Work order: Every line holding "nonnegative" should be copied from the records below.

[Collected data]
lemma exp_weight_on_cone_ball_norm_lower_bound:
  fixes \<rho> :: "('a::euclidean_space \<Rightarrow> ennreal) \<Rightarrow> ennreal"
  assumes bfn: "banach_function_norm \<rho>" and ti: "translation_invariant \<rho>"
    and wm: "w \<in> borel_measurable lebesgue" and "exp_weight_on_cone \<phi> \<theta> \<gamma> C\<^sub>0 C\<^sub>1 w"
  shows "\<exists>C>0. \<forall>\<^sub>F R in at_top. \<rho> (\<lambda>x. indicator (ball 0 R) x * w x) \<ge> ennreal (C * exp (R * \<phi> R))"
proof -
  interpret exp_weight_on_cone \<phi> \<theta> \<gamma> C\<^sub>0 C\<^sub>1 w by fact
  obtain p where p: "0 < p" "\<rho> (indicator (ball (0::'a) 1)) = ennreal p"
  proof -
    have "\<rho> (indicator (ball (0::'a) 1)) < \<infinity>"
      by (rule banach_function_norm_indicator_finite[OF bfn _ emeasure_lebesgue_ball_finite]) simp
    moreover have "0 < \<rho> (indicator (ball (0::'a) 1))"
      by (rule banach_function_norm_ball_pos[OF bfn]) simp
    ultimately show thesis
      using that by (cases "\<rho> (indicator (ball (0::'a) 1))") auto
  qed
  have "\<forall>\<^sub>F R in at_top. \<rho> (\<lambda>x. indicator (ball 0 R) x * w x) \<ge>
      ennreal (C\<^sub>0 * exp (- 2 * \<phi> 1) * p * exp (R * \<phi> R))"
    using eventually_ge_at_top[of "max 3 (2 / \<gamma> + 2)"]
  proof eventually_elim
    case (elim R)
    have "ennreal (C\<^sub>0 * exp (- 2 * \<phi> 1) * exp (R * \<phi> R)) * \<rho> (indicator (ball ((R - 1) *\<^sub>R \<theta>) 1))
        \<le> \<rho> (\<lambda>x. indicator (ball 0 R) x * w x)"
      using ball_ray_subset_ball[OF norm_theta, of "R - 1" 1] elim
      by (intro banach_function_norm_weighted_indicator_ge[OF bfn wm] lower_bound_on_far_ball) auto
    then show ?case
      using p translation_invariant_ball[OF bfn ti, of "(R - 1) *\<^sub>R \<theta>" 1]
      by (simp add: ennreal_mult'' mult_ac)
  qed
  moreover have "0 < C\<^sub>0 * exp (- 2 * \<phi> 1) * p" using C0_pos p by simp
  ultimately show ?thesis by blast
qed
(* Assume $\mathbf E\mathbf E^\top$ and $\mathbf F^{(q)}\mathbf F^{(q)\top}$ ($1\le q\le Q$) are irreducible. Let $\bar{\mathbf S}=\mathbf J\boldsymbol\Sigma\mathbf J^\top$ be an eigenvalue decomposition with $\mathbf J\in\mathbb R^{K\times K}$ orthogonal and eigenvalues in decreasing order, let $\mathbf U=\boldsymbol\Theta_\theta\mathbf J=[\mathbf u_1,\dots,\mathbf u_K]$, and for any orthogonal $\mathbf O\in\mathbb R^{(K-1)\times(K-1)}$ and $c\in\{-1,1\}$ let $\mathbf R\in\mathbb R^{n\times(K-1)}$ have $i$-th row $\mathbf R_{\bar i}=([\mathbf u_2,\dots,\mathbf u_K]\mathbf O)_{\bar i}/(c\,\mathbf u_1(i))$. Then for all $1\le i_1,i_2\le n$: $\|\mathbf R_{\bar{i_1}}-\mathbf R_{\bar{i_2}}\|\ge2$ if $l_{i_1}\ne l_{i_2}$, and $\|\mathbf R_{\bar{i_1}}-\mathbf R_{\bar{i_2}}\|=0$ if $l_{i_1}=l_{i_2}$.
   Context: Fix integers $K\ge2$, $K'\ge1$, $Q\ge1$. Primary nodes $\{1,\dots,n\}$ have labels $l_i\in\{1,\dots,K\}$, bipartite nodes $\{1,\dots,m\}$ have labels $r_j\in\{1,\dots,K'\}$, all communities nonempty. Parameters: $\boldsymbol\theta\in(0,1]^n$, $\boldsymbol\delta\in(0,1]^m$, symmetric $\mathbf E\in[0,1]^{K\times K}$, $\mathbf F^{(q)}\in[0,1]^{K\times K'}$. Define $\boldsymbol\theta^{(k)}_i=\theta_i\mathbb I(l_i=k)$, $\boldsymbol\delta^{(k')}_j=\delta_j\mathbb I(r_j=k')$, $\boldsymbol\Theta_\theta\in\mathbb R^{n\times K}$ with $\boldsymbol\Theta_\theta(i,k)=\theta_i\mathbb I(l_i=k)/\|\boldsymbol\theta^{(k)}\|$, $\boldsymbol\Psi_\theta=\mathrm{diag}(\|\boldsymbol\theta^{(k)}\|/\|\boldsymbol\theta\|)$, $\boldsymbol\Psi_\delta=\mathrm{diag}(\|\boldsymbol\delta^{(k')}\|/\|\boldsymbol\delta\|)$, $\mathbf S^{(0)}=\boldsymbol\Psi_\theta\mathbf E\boldsymbol\Psi_\theta$, $\mathbf S^{(q)}=\boldsymbol\Psi_\theta\mathbf F^{(q)}\boldsymbol\Psi_\delta$, $\bar{\mathbf S}=(\|\boldsymbol\theta\|^2/\|\boldsymbol\delta\|^2)\mathbf S^{(0)}\mathbf S^{(0)\top}+\sum_q\mathbf S^{(q)}\mathbf S^{(q)\top}$. Then $\mathbf U=\boldsymbol\Theta_\theta\mathbf J$ gives the $K$ leading eigenvectors of the population aggregated matrix $\boldsymbol\Omega_M=\|\boldsymbol\theta\|^2\|\boldsymbol\delta\|^2\boldsymbol\Theta_\theta\bar{\mathbf S}\boldsymbol\Theta_\theta^\top$, and $\mathbf R$ is its ratio matrix. $\mathbf X_{\bar i}$ denotes the $i$-th row of a matrix $\mathbf X$; $\|\cdot\|$ is the Euclidean norm. *)

theory Defs
  imports Complex_Main
begin

text \<open>Matrices are represented as functions nat => nat => real, with 1-based
  indices; all dimensions are explicit.\<close>

text \<open>Irreducibility of a K x K matrix (standard definition: A is reducible iff,
  after a simultaneous permutation of rows and columns, it is block upper
  triangular, i.e. iff there is a nonempty proper index subset I with
  A i j = 0 for all i in I and j not in I).\<close>
definition irreducible_mat :: "nat \<Rightarrow> (nat \<Rightarrow> nat \<Rightarrow> real) \<Rightarrow> bool" where
  "irreducible_mat K A \<longleftrightarrow>
     \<not> (\<exists>I. I \<subseteq> {1..K} \<and> I \<noteq> {} \<and> I \<noteq> {1..K} \<and>
            (\<forall>i\<in>I. \<forall>j\<in>{1..K} - I. A i j = 0))"

definition gram :: "nat \<Rightarrow> (nat \<Rightarrow> nat \<Rightarrow> real) \<Rightarrow> nat \<Rightarrow> nat \<Rightarrow> real" where
  "gram p A i j = (\<Sum>t\<in>{1..p}. A i t * A j t)"

definition orthogonal_mat :: "nat \<Rightarrow> (nat \<Rightarrow> nat \<Rightarrow> real) \<Rightarrow> bool" where
  "orthogonal_mat p A \<longleftrightarrow>
     (\<forall>i\<in>{1..p}. \<forall>j\<in>{1..p}. (\<Sum>t\<in>{1..p}. A t i * A t j) = (if i = j then 1 else 0))"

definition comm_norm :: "nat \<Rightarrow> (nat \<Rightarrow> real) \<Rightarrow> (nat \<Rightarrow> nat) \<Rightarrow> nat \<Rightarrow> real" where
  "comm_norm n \<theta> l k = sqrt (\<Sum>i\<in>{1..n}. (if l i = k then \<theta> i else 0)^2)"

definition vnorm :: "nat \<Rightarrow> (nat \<Rightarrow> real) \<Rightarrow> real" where
  "vnorm n \<theta> = sqrt (\<Sum>i\<in>{1..n}. (\<theta> i)^2)"

definition Theta_mat :: "nat \<Rightarrow> (nat \<Rightarrow> real) \<Rightarrow> (nat \<Rightarrow> nat) \<Rightarrow> nat \<Rightarrow> nat \<Rightarrow> real" where
  "Theta_mat n \<theta> l i k = (if l i = k then \<theta> i else 0) / comm_norm n \<theta> l k"

text \<open>Diagonal entries of Psi_theta.\<close>
definition Psi :: "nat \<Rightarrow> (nat \<Rightarrow> real) \<Rightarrow> (nat \<Rightarrow> nat) \<Rightarrow> nat \<Rightarrow> real" where
  "Psi n \<theta> l k = comm_norm n \<theta> l k / vnorm n \<theta>"

definition S0 :: "nat \<Rightarrow> (nat \<Rightarrow> real) \<Rightarrow> (nat \<Rightarrow> nat) \<Rightarrow> (nat \<Rightarrow> nat \<Rightarrow> real) \<Rightarrow> nat \<Rightarrow> nat \<Rightarrow> real" where
  "S0 n \<theta> l E k k' = Psi n \<theta> l k * E k k' * Psi n \<theta> l k'"

definition Sq :: "nat \<Rightarrow> (nat \<Rightarrow> real) \<Rightarrow> (nat \<Rightarrow> nat) \<Rightarrow> nat \<Rightarrow> (nat \<Rightarrow> real) \<Rightarrow> (nat \<Rightarrow> nat)
                  \<Rightarrow> (nat \<Rightarrow> nat \<Rightarrow> real) \<Rightarrow> nat \<Rightarrow> nat \<Rightarrow> real" where
  "Sq n \<theta> l m \<delta> r Fq k k' = Psi n \<theta> l k * Fq k k' * Psi m \<delta> r k'"

definition Sbar :: "nat \<Rightarrow> nat \<Rightarrow> nat \<Rightarrow> nat \<Rightarrow> nat \<Rightarrow> (nat \<Rightarrow> real) \<Rightarrow> (nat \<Rightarrow> nat)
     \<Rightarrow> (nat \<Rightarrow> real) \<Rightarrow> (nat \<Rightarrow> nat) \<Rightarrow> (nat \<Rightarrow> nat \<Rightarrow> real) \<Rightarrow> (nat \<Rightarrow> nat \<Rightarrow> nat \<Rightarrow> real)
     \<Rightarrow> nat \<Rightarrow> nat \<Rightarrow> real" where
  "Sbar K K' Q n m \<theta> l \<delta> r E F k k'' =
     (vnorm n \<theta>)^2 / (vnorm m \<delta>)^2 * gram K (S0 n \<theta> l E) k k''
     + (\<Sum>q\<in>{1..Q}. gram K' (Sq n \<theta> l m \<delta> r (F q)) k k'')"

end

theory Submission
  imports Defs "Jordan_Normal_Form.Determinant"
begin

text \<open>Since \<open>\<Theta>\<^sub>\<theta>\<close> has a single nonzero entry per row, row \<open>i\<close> of
  \<open>U = \<Theta>\<^sub>\<theta> J\<close> is a nonzero multiple of row \<open>l i\<close> of \<open>J\<close>. Hence row \<open>i\<close> of
  \<open>R\<close> depends only on the community \<open>k = l i\<close>: it is \<open>(J(k,2..K) O) / (c J(k,1))\<close>.
  These denominators are nonzero by Perron--Frobenius: \<open>S-bar\<close> is entrywise nonnegative
  and irreducible, so the entrywise absolute value of its leading eigenvector \<open>J(-,1)\<close>
  again attains the top Rayleigh quotient, hence is a nonnegative eigenvector, and such an
  eigenvector of an irreducible matrix has no zero entries. Orthonormality of the rows of
  \<open>J\<close> and \<open>O\<close> gives \<open>\<parallel>R(k) - R(k')\<parallel>\<^sup>2 = 1/J(k,1)\<^sup>2 + 1/J(k',1)\<^sup>2\<close>, which is
  at least 4 because \<open>J(k,1)\<^sup>2 + J(k',1)\<^sup>2 \<le> 1\<close>.\<close>

hide_const (open) Matrix.orthogonal_mat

Solution for this problem:
  These denominators are nonzero by Perron--Frobenius: \<open>S-bar\<close> is entrywise nonnegative
  again attains the top Rayleigh quotient, hence is a nonnegative eigenvector, and such an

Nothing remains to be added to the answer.